Jusqu'au 21 janvier, le siège du parti communiste à Paris accueille l'exposition « Libres comme l'art » : 120 œuvres qui racontent une double histoire, celle de l'art au XXe siècle et celle du lien entre les artistes et le parti. Enlarge your Paris s'est entretenu avec l'une des deux commissaires de l'exposition, Yolande Rasle.

D’où viennent les œuvres que vous présentez ? Est-ce la première fois qu’on peut les voir réunies ?

Yolande Rasle : L’exposition « Libres comme l’art » présente environ 120 œuvres issues de diverses collections, notamment celle de la Fédération de Paris et du parti communiste (PCF), que nous avons réunies pour célébrer le centenaire du parti [retardée d’un an en raison du Covid, NDLR]. Dans cette exposition, nous avons souhaité faire dialoguer les événements politiques et sociaux avec les courants artistiques. Il fallait recontextualiser les trésors culturels appartenant au PCF, mais aussi les enrichir avec des œuvres empruntées qui donneraient une lecture plus juste du travail des artistes et des mouvements artistiques auxquels ils étaient rattachés.

L’exposition couvre un siècle de production picturale en France. Qu’y trouve-t-on comme artistes et comme grands courants artistiques ?

Nous avons découpé l’exposition en chapitres, ce qui n’a guère été facile car les étiquettes en art sont souvent floues. En dehors des pionniers de l’art moderne comme Duchamp, Léger, Picasso, Giacometti, Masson, Fautrier et Matta, nous présentons des œuvres qui relèvent des deux grands courants qui s’affrontent entre les années 1930 et 1950 et même au-delà : le réalisme et l’abstraction. Pour le premier, nous englobons aussi bien le réalisme social (Iché, Fougeron, Pignon, Gromaire, Taslitzky, Tal Coat) que la nouvelle figuration qui recouvre la jeune peinture (Buraglio, Olivier O. Olivier), la figuration narrative (Rancillac, Télémaque, Erro, Arroyo, Monory, Aillaud, Klasen), les nouveaux réalistes (César, Villeglé, Brusse), la coopérative des Malassis (Cueco, Latil, Parré, Zeimert, Fleury, Tisserand) et la figuration libre (Di Rosa). Le second courant concerne les abstractions géométriques (Herbin, Leppien, Dewasne, Claisse, Satoru) et lyriques (Messagier, Marfaing, Kijno, Bellegarde). Nous exposons aussi les photographies de Darzacq, Delorieux, Lejarre, Pignon-Ernest ainsi que les sculptures de Féraud et Viseux.
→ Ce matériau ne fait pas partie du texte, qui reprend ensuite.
lemma integrated_sol_h2: "integrated_sol h2 (\<lambda>x. \<alpha> * dh \<mu> x) 1"
  using integrated_sol_cmult[OF integrated_sol_h_\<mu>, of \<alpha>] \<alpha>_\<beta>
  unfolding h2_def[abs_def] by simp

lemma h2_even: "h2 (- x) = h2 x"
  by (simp add: h2_def h_even)

definition "dphi x = - A * P x * T x"
definition "d2phi x = - A * P x * (\<beta> * (1 - T x ^ 2) - T x ^ 2)"

lemma deriv_phi: "deriv (phi p) = dphi"
proof
  fix x
  have "((\<lambda>x. A * P x) has_real_derivative dphi x) (at x)"
    unfolding dphi_def by (auto intro!: derivative_eq_intros DERIV_P)
  then show "deriv (phi p) x = dphi x"
    by (simp add: phi_eq[abs_def] DERIV_imp_deriv)
qed

lemma integrated_sol_dphi: "integrated_sol dphi d2phi 0"
  unfolding integrated_sol_def dphi_def[abs_def] d2phi_def[abs_def] V_def \<kappa>_eq
  by (auto intro!: derivative_eq_intros DERIV_P DERIV_T simp: algebra_simps power2_eq_square)

lemma dphi_odd: "dphi (- x) = - dphi x"
  by (simp add: dphi_def P_even T_odd)

lemma integrated_sol_span:
  "integrated_sol (\<lambda>x. c1 * dphi x + c2 * h2 x + c3 * h \<nu> x)
     (\<lambda>x. c1 * d2phi x + c2 * (\<alpha> * dh \<mu> x) + c3 * dh \<nu> x) c2"
  using integrated_sol_add[OF integrated_sol_add[OF integrated_sol_cmult[OF integrated_sol_dphi]
      integrated_sol_cmult[OF integrated_sol_h2]] integrated_sol_cmult[OF integrated_sol_h_\<nu>]]
  by simp

lemma Lsol_iff_span:
  "Lsol p u \<longleftrightarrow> (\<exists>c1 c2 c3. u = (\<lambda>x. c1 * deriv (phi p) x + c2 * h2 x + c3 * h \<nu> x))"
proof
  assume "Lsol p u"
  then obtain u' c where u: "integrated_sol u u' c"
    by (auto simp: Lsol_iff_integrated_sol)
  define c1 where "c1 = u' 0 / d2phi 0"
  define c3 where "c3 = c * h2 0 - u 0"
  have "d2phi 0 \<noteq> 0"
    using A_pos \<beta>_pos by (simp add: d2phi_def)
  define w where "w x = u x - (c1 * dphi x + c * h2 x + c3 * h \<nu> x)" for x
  define w' where "w' x = u' x - (c1 * d2phi x + c * (\<alpha> * dh \<mu> x) + c3 * dh \<nu> x)" for x
  have "integrated_sol w w' 0"
    using integrated_sol_diff[OF u integrated_sol_span[of c1 c c3]]
    unfolding w_def[abs_def] w'_def[abs_def] by simp
  moreover have "w 0 = 0" and "w' 0 = 0"
    using \<open>d2phi 0 \<noteq> 0\<close> by (simp_all add: w_def w'_def c1_def c3_def dphi_def h_0 dh_0 h2_def)
  ultimately have "w x = 0" for x
    by (rule integrated_sol_vanishing)
  then have "u = (\<lambda>x. c1 * deriv (phi p) x + c * h2 x + c3 * h \<nu> x)"
    by (simp add: w_def deriv_phi fun_eq_iff)
  then show "\<exists>c1 c2 c3. u = (\<lambda>x. c1 * deriv (phi p) x + c2 * h2 x + c3 * h \<nu> x)"
    by blast
next
  assume "\<exists>c1 c2 c3. u = (\<lambda>x. c1 * deriv (phi p) x + c2 * h2 x + c3 * h \<nu> x)"
  then obtain c1 c2 c3 where "u = (\<lambda>x. c1 * dphi x + c2 * h2 x + c3 * h \<nu> x)"
    by (auto simp: deriv_phi)
  then have "integrated_sol u (\<lambda>x. c1 * d2phi x + c2 * (\<alpha> * dh \<mu> x) + c3 * dh \<nu> x) c2"
    using integrated_sol_span by simp
  then show "Lsol p u"
    by (auto simp: Lsol_iff_integrated_sol)
qed

lemma C_at_top: "filterlim C at_top at_top"
  unfolding C_def
  by (rule filterlim_compose[OF cosh_real_at_top
        filterlim_tendsto_pos_mult_at_top[OF tendsto_const \<beta>_pos filterlim_ident]])

lemma T_at_top: "(T \<longlongrightarrow> 1) at_top"
  unfolding T_def
  by (rule filterlim_compose[OF tanh_real_at_top
        filterlim_tendsto_pos_mult_at_top[OF tendsto_const \<beta>_pos filterlim_ident]])

lemma C_powr_at_top:
  assumes "0 < r"
  shows "filterlim (\<lambda>x. C x powr r) at_top at_top"
proof -
  have "filterlim (\<lambda>x. inverse (C x powr - r)) at_top at_top"
    using assms by (intro filterlim_inverse_at_top tendsto_neg_powr C_at_top) (auto simp: C_nonzero)
  then show ?thesis
    by (simp add: powr_minus)
qed

lemma P_at_top: "(P \<longlongrightarrow> 0) at_top"
  unfolding P_def[abs_def] using \<alpha>_pos by (intro tendsto_neg_powr C_at_top) simp

lemma dphi_at_top: "(dphi \<longlongrightarrow> 0) at_top"
  using tendsto_mult[OF tendsto_mult[OF tendsto_const P_at_top] T_at_top, of "- A"]
  by (simp add: dphi_def[abs_def])

lemma dphi_at_bot: "(dphi \<longlongrightarrow> 0) at_bot"
  using tendsto_minus[OF dphi_at_top]
  by (simp add: filterlim_at_bot_mirror dphi_odd)

lemma \<Psi>_ratio_at_top:
  assumes "1 < e"
  shows "((\<lambda>x. \<Psi> e x / C x powr (2 * e - 2)) \<longlongrightarrow> 1 / (2 * e - 2)) at_top"
proof (rule lhospital_at_top_at_top)
  have pos: "\<forall>\<^sub>F x in at_top. 0 < (x::real)"
    by (rule eventually_gt_at_top)
  show "filterlim (\<lambda>x. C x powr (2 * e - 2)) at_top at_top"
    using assms by (intro C_powr_at_top) simp
  show "\<forall>\<^sub>F x in at_top. (2 * e - 2) * \<beta> * T x * C x powr (2 * e - 2) \<noteq> 0"
    using pos by eventually_elim (use assms \<beta>_pos in \<open>simp add: T_def C_nonzero\<close>)
  show "\<forall>\<^sub>F x in at_top. (\<Psi> e has_real_derivative q e x) (at x)"
    by (simp add: DERIV_\<Psi>)
  show "\<forall>\<^sub>F x in at_top. ((\<lambda>x. C x powr (2 * e - 2)) has_real_derivative
      (2 * e - 2) * \<beta> * T x * C x powr (2 * e - 2)) (at x)"
    by (simp add: DERIV_C_powr)
  have "((\<lambda>x. (1 - C x powr (- 2 * e)) / ((2 * e - 2) * T x ^ 3))
      \<longlongrightarrow> (1 - 0) / ((2 * e - 2) * 1 ^ 3)) at_top"
    using assms by (intro tendsto_intros T_at_top tendsto_neg_powr[OF _ C_at_top]) auto
  then have "((\<lambda>x. (1 - C x powr (- 2 * e)) / ((2 * e - 2) * T x ^ 3)) \<longlongrightarrow> 1 / (2 * e - 2)) at_top"
    by simp
  then show "((\<lambda>x. q e x / ((2 * e - 2) * \<beta> * T x * C x powr (2 * e - 2)))
      \<longlongrightarrow> 1 / (2 * e - 2)) at_top"
  proof (rule Lim_transform_eventually)
    show "\<forall>\<^sub>F x in at_top. (1 - C x powr (- 2 * e)) / ((2 * e - 2) * T x ^ 3)
        = q e x / ((2 * e - 2) * \<beta> * T x * C x powr (2 * e - 2))"
      using pos
    proof eventually_elim
      case (elim x)
      then have "S x \<noteq> 0" "C x powr (2 * e) > 0"
        using C_pos[of x] by (simp_all add: S_eq_0_iff)
      then show ?case
        using elim assms \<beta>_pos C_pos[of x]
        by (simp add: q_def T_eq C_powr_minus_2 powr_minus_divide field_simps power2_eq_square
            power3_eq_cube)
    qed
  qed
qed

lemma h_eq_ratio: "h e x = T x * (\<Psi> e x / C x powr (2 * e - 2)) * C x powr (2 * e - 2 - \<alpha>) - P x"
proof -
  have "C x powr (2 * e - 2 - \<alpha>) = C x powr (2 * e - 2) * P x"
    unfolding P_def powr_add[symmetric] by simp
  moreover have "C x powr (2 * e - 2) > 0"
    using C_pos[of x] by simp
  ultimately show ?thesis
    by (simp add: h_def field_simps)
qed

lemma h2_at_top: "(h2 \<longlongrightarrow> 1) at_top"
proof -
  have "1 < \<mu>" and \<mu>_\<alpha>: "2 * \<mu> - 2 = \<alpha>"
    using \<alpha>_pos by (simp_all add: \<mu>_eq)
  have "((\<lambda>x. \<alpha> * (T x * (\<Psi> \<mu> x / C x powr (2 * \<mu> - 2)) - P x))
      \<longlongrightarrow> \<alpha> * (1 * (1 / (2 * \<mu> - 2)) - 0)) at_top"
    by (intro tendsto_intros T_at_top \<Psi>_ratio_at_top \<open>1 < \<mu>\<close> P_at_top)
  moreover have "h2 = (\<lambda>x. \<alpha> * (T x * (\<Psi> \<mu> x / C x powr (2 * \<mu> - 2)) - P x))"
    using C_nonzero by (simp add: fun_eq_iff h2_def h_eq_ratio[of \<mu>] \<mu>_\<alpha>)
  ultimately show ?thesis
    using \<alpha>_pos by (simp add: \<mu>_\<alpha>)
qed

lemma h_\<nu>_at_top: "filterlim (h \<nu>) at_top at_top"
proof -
  have "1 < \<nu>" and \<nu>_\<alpha>: "2 * \<nu> - 2 - \<alpha> = \<alpha>"
    using \<alpha>_pos by (simp_all add: \<nu>_eq)
  have "((\<lambda>x. T x * (\<Psi> \<nu> x / C x powr (2 * \<nu> - 2))) \<longlongrightarrow> 1 * (1 / (2 * \<nu> - 2))) at_top"
    by (intro tendsto_intros T_at_top \<Psi>_ratio_at_top \<open>1 < \<nu>\<close>)
  then have "filterlim (\<lambda>x. T x * (\<Psi> \<nu> x / C x powr (2 * \<nu> - 2)) * C x powr \<alpha>) at_top at_top"
    using \<open>1 < \<nu>\<close> by (intro filterlim_tendsto_pos_mult_at_top C_powr_at_top \<alpha>_pos) auto
  then have "filterlim (\<lambda>x. - P x + T x * (\<Psi> \<nu> x / C x powr (2 * \<nu> - 2)) * C x powr \<alpha>) at_top at_top"
    by (rule filterlim_tendsto_add_at_top[OF tendsto_minus[OF P_at_top]])
  then show ?thesis
    by (simp add: h_eq_ratio[abs_def] \<nu>_\<alpha>)
qed

lemma h2_at_bot: "(h2 \<longlongrightarrow> 1) at_bot"
  using h2_at_top by (simp add: filterlim_at_bot_mirror h2_even)

lemma h_\<nu>_at_bot: "filterlim (h \<nu>) at_top at_bot"
  using h_\<nu>_at_top by (simp add: filterlim_at_bot_mirror h_even)

lemma no_sol_from_1_to_infinity:
  "\<not> (\<exists>u. Lsol p u \<and> (u \<longlongrightarrow> 1) at_bot \<and> filterlim (\<lambda>x. \<bar>u x\<bar>) at_top at_top)"
proof
  assume "\<exists>u. Lsol p u \<and> (u \<longlongrightarrow> 1) at_bot \<and> filterlim (\<lambda>x. \<bar>u x\<bar>) at_top at_top"
  then obtain u c1 c2 c3 where u: "u = (\<lambda>x. c1 * dphi x + c2 * h2 x + c3 * h \<nu> x)"
    and bot: "(u \<longlongrightarrow> 1) at_bot" and top: "filterlim (\<lambda>x. \<bar>u x\<bar>) at_top at_top"
    by (auto simp: Lsol_iff_span deriv_phi)
  show False
  proof (cases "c3 = 0")
    case True
    have "((\<lambda>x. \<bar>c1 * dphi x + c2 * h2 x\<bar>) \<longlongrightarrow> \<bar>c1 * 0 + c2 * 1\<bar>) at_top"
      by (intro tendsto_intros dphi_at_top h2_at_top)
    then have "((\<lambda>x. \<bar>u x\<bar>) \<longlongrightarrow> \<bar>c2\<bar>) at_top"
      using True by (simp add: u)
    then show False
      using top by (auto dest: not_tendsto_and_filterlim_at_infinity[rotated]
          filterlim_at_top_imp_at_infinity)
  next
    case False
    have "((\<lambda>x. (u x - c1 * dphi x - c2 * h2 x) / c3) \<longlongrightarrow> (1 - c1 * 0 - c2 * 1) / c3) at_bot"
      by (intro tendsto_intros bot dphi_at_bot h2_at_bot False)
    then have "(h \<nu> \<longlongrightarrow> (1 - c2) / c3) at_bot"
      using False by (simp add: u)
    then show False
      using h_\<nu>_at_bot by (auto dest: not_tendsto_and_filterlim_at_infinity[rotated]
          filterlim_at_top_imp_at_infinity)
  qed
qed

end

theorem mainTheorem6:
  fixes p :: real
  assumes "1 < p" and "p < 5"
  shows "(\<exists>h2 h3. Lsol p h2 \<and> Lsol p h3 \<and>
            (\<forall>x. h2 (- x) = h2 x) \<and> (\<forall>x. h3 (- x) = h3 x) \<and>
            (h2 \<longlongrightarrow> 1) at_top \<and> filterlim h3 at_top at_top \<and>
            (\<forall>u. Lsol p u \<longleftrightarrow>
               (\<exists>c1 c2 c3. u = (\<lambda>x. c1 * deriv (phi p) x + c2 * h2 x + c3 * h3 x))))
         \<and> \<not> (\<exists>u. Lsol p u \<and> (u \<longlongrightarrow> 1) at_bot \<and> filterlim (\<lambda>x. \<bar>u x\<bar>) at_top at_top)"
proof -
  interpret soliton p
    using assms(1) by unfold_locales
  have "Lsol p h2" and "Lsol p (h \<nu>)"
    using integrated_sol_h2 integrated_sol_h_\<nu> by (auto simp: Lsol_iff_integrated_sol)
  moreover have "\<forall>u. Lsol p u \<longleftrightarrow>
      (\<exists>c1 c2 c3. u = (\<lambda>x. c1 * deriv (phi p) x + c2 * h2 x + c3 * h \<nu> x))"
    using Lsol_iff_span by blast
  ultimately show ?thesis
    using h2_even h_even h2_at_top h_\<nu>_at_top no_sol_from_1_to_infinity by blast
qed

end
Les œuvres exposées étaient-elles des commandes du parti ou des cadeaux d’artistes militants ?

Il y a eu des commandes de la part du parti. Mais la majorité des œuvres ont été données par les artistes pour aider le parti à un moment clé de son histoire, ou pour la Fête de l’Humanité qui a autrefois présenté de grandes expositions. Les artistes devaient réaliser des lithographies qui étaient tirées en plusieurs exemplaires et vendues au profit du PCF. Il ne faut pas oublier non plus les éditions. Le dialogue entre artistes et écrivains a donné lieu à de magnifiques publications.
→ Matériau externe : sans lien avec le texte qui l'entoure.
lemma Bernstein_has_real_derivative:
  "(Bernstein n k has_real_derivative
      real k * real (n choose k) * x ^ (k - 1) * (1 - x) ^ (n - k)
    - real (Suc k) * real (n choose Suc k) * x ^ k * (1 - x) ^ (n - Suc k)) (at x)"
proof -
  have absorb: "real (Suc k) * real (n choose Suc k) = real (n - k) * real (n choose k)"
    using binomial_absorption[of k n] binomial_absorb_comp[of n k] by (metis of_nat_mult)
  have "(Bernstein n k has_real_derivative
      real (n choose k) * (real k * x ^ (k - 1) * (1 - x) ^ (n - k)
        - real (n - k) * x ^ k * (1 - x) ^ (n - Suc k))) (at x)"
    unfolding Bernstein_def[abs_def]
    by (rule derivative_eq_intros refl)+ (simp add: algebra_simps)
  then show ?thesis
    unfolding absorb by (simp add: algebra_simps)
qed

lemma binomial_tail_has_real_derivative:
  assumes "a \<le> Suc n"
  shows "(binomial_tail n a has_real_derivative
            real a * real (n choose a) * x ^ (a - 1) * (1 - x) ^ (n - a)) (at x)"
proof -
  define D where "D k = real k * real (n choose k) * x ^ (k - 1) * (1 - x) ^ (n - k)" for k
  have "(binomial_tail n a has_real_derivative (\<Sum>k=a..n. D k - D (Suc k))) (at x)"
    unfolding binomial_tail_def[abs_def] D_def diff_Suc_1
    by (intro DERIV_sum Bernstein_has_real_derivative)
  also have "(\<Sum>k=a..n. D k - D (Suc k)) = D a - D (Suc n)"
    using sum_Suc_diff[OF assms, of D] by (simp add: sum_subtractf)
  also have "D (Suc n) = 0"
    by (simp add: D_def)
  finally show ?thesis
    by (simp add: D_def)
qed

lemma binomial_tail_mono:
  assumes "0 \<le> x" "x \<le> y" "y \<le> 1"
  shows "binomial_tail n a x \<le> binomial_tail n a y"
proof (cases "a \<le> n")
  case True
  show ?thesis
    by (rule deriv_nonneg_imp_mono[OF binomial_tail_has_real_derivative])
       (use True assms in auto)
next
  case False
  then show ?thesis
    by (simp add: binomial_tail_def)
qed

lemma binomial_tail_at_0: "1 \<le> a \<Longrightarrow> binomial_tail n a 0 = 0"
  by (simp add: binomial_tail_def Bernstein_def)

lemma binomial_tail_at_1:
  assumes "a \<le> n"
  shows "binomial_tail n a 1 = 1"
proof -
  have "binomial_tail n a 1 = (\<Sum>k=a..n. if k = n then 1 else 0)"
    unfolding binomial_tail_def Bernstein_def by (intro sum.cong) auto
  then show ?thesis
    using assms by simp
qed

lemma integral_beta_kernel:
  assumes "1 \<le> a" "a \<le> n" "0 \<le> y"
  shows "(\<integral>t\<in>{0..y}. t ^ (a - 1) * (1 - t) ^ (n - a) \<partial>lborel)
           = binomial_tail n a y / (real a * real (n choose a))"
proof -
  let ?c = "real a * real (n choose a)"
  have "(\<integral>t\<in>{0..y}. t ^ (a - 1) * (1 - t) ^ (n - a) \<partial>lborel)
      = (\<integral>t. indicator {0..y} t *\<^sub>R (t ^ (a - 1) * (1 - t) ^ (n - a)) \<partial>lborel)"
    by (simp add: set_lebesgue_integral_def)
  also have "\<dots> = binomial_tail n a y / ?c - binomial_tail n a 0 / ?c"
  proof (rule integral_FTC_atLeastAtMost[OF assms(3)])
    fix x :: real
    have "((\<lambda>x. binomial_tail n a x / ?c) has_real_derivative x ^ (a - 1) * (1 - x) ^ (n - a)) (at x)"
      using DERIV_cdivide[where c = ?c, OF binomial_tail_has_real_derivative, of a n x] assms
      by simp
    then show "((\<lambda>x. binomial_tail n a x / ?c) has_vector_derivative x ^ (a - 1) * (1 - x) ^ (n - a))
        (at x within {0..y})"
      by (simp add: has_real_derivative_iff_has_vector_derivative[symmetric] has_field_derivative_at_within)
  qed (intro continuous_intros)
  finally show ?thesis
    using binomial_tail_at_0[OF assms(1)] by simp
qed

lemma beta_cdf_eq_binomial_tail:
  assumes "1 \<le> a" "a \<le> n" "0 \<le> y" "y \<le> 1"
  shows "beta_cdf a (Suc n - a) y = binomial_tail n a y"
proof -
  have "Suc n - a - 1 = n - a" "min y 1 = y" "min 1 1 = (1::real)"
    using assms by auto
  moreover have "real a * real (n choose a) > 0"
    using assms by simp
  ultimately show ?thesis
    unfolding beta_cdf_def
    by (simp only: integral_beta_kernel assms binomial_tail_at_1 zero_le_one) (use assms in simp)
qed

section \<open>Counting hits of an event in an i.i.d. sample\<close>

lemma sum_subsets_card_ge_eq_binomial_tail:
  fixes p :: real
  assumes "finite I"
  shows "(\<Sum>S | S \<subseteq> I \<and> a \<le> card S. p ^ card S * (1 - p) ^ (card I - card S))
           = binomial_tail (card I) a p"
proof -
  let ?SS = "{S. S \<subseteq> I \<and> a \<le> card S}"
  have fin: "finite ?SS"
    by (rule finite_subset[of _ "Pow I"]) (use assms in auto)
  have "(\<Sum>S\<in>?SS. p ^ card S * (1 - p) ^ (card I - card S))
      = (\<Sum>k=a..card I. \<Sum>S | S \<in> ?SS \<and> card S = k. p ^ card S * (1 - p) ^ (card I - card S))"
    by (rule sum.group[symmetric, OF fin]) (use assms card_mono in auto)
  also have "\<dots> = (\<Sum>k=a..card I. Bernstein (card I) k p)"
  proof (intro sum.cong refl)
    fix k assume "k \<in> {a..card I}"
    then have "{S. S \<in> ?SS \<and> card S = k} = {S. S \<subseteq> I \<and> card S = k}"
      by auto
    then show "(\<Sum>S | S \<in> ?SS \<and> card S = k. p ^ card S * (1 - p) ^ (card I - card S))
        = Bernstein (card I) k p"
      using assms by (simp add: n_subsets Bernstein_def)
  qed
  finally show ?thesis
    unfolding binomial_tail_def .
qed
Pourquoi le PCF, sans doute plus que les autres partis en France, était-il aussi intéressé par l’art, du cinéma à la peinture ?

Le parti communiste a très vite compris l’importance de l’image, l’impact que celle-ci pouvait exercer sur les masses. Aussi, sa relation avec le cinéma ou la photographie a été très étroite. Il a su s’attacher les services des meilleurs photographes et des meilleurs illustrateurs pour ses publications. Pour le cinéma, il a commandé des documentaires ou des courts-métrages militants jusqu’au moment où il a pu les produire lui-même. Beaucoup ont été réalisés au moment du Front populaire. Ce sont majoritairement des films de propagande syndicale et politique, comme les deux films de Jean Renoir La vie est à nous et La Marseillaise. Quant à l’art, je pense que l’approche est un peu différente. À aucun moment le parti communiste n’a soutenu les artistes surréalistes ou abstraits. Je pense qu’Aragon et quelques autres grands intellectuels ont joué un rôle majeur pour amener l’art au parti.

Exposition "Libres comme l'art" au siège du PCF / © Eric Morin
Exposition « Libres comme l’art » au siège du PCF / © Éric Morin

Qu’est-ce que l’exposition raconte de l’histoire de l’art ? Le XXe siècle est-il celui de l’art engagé ?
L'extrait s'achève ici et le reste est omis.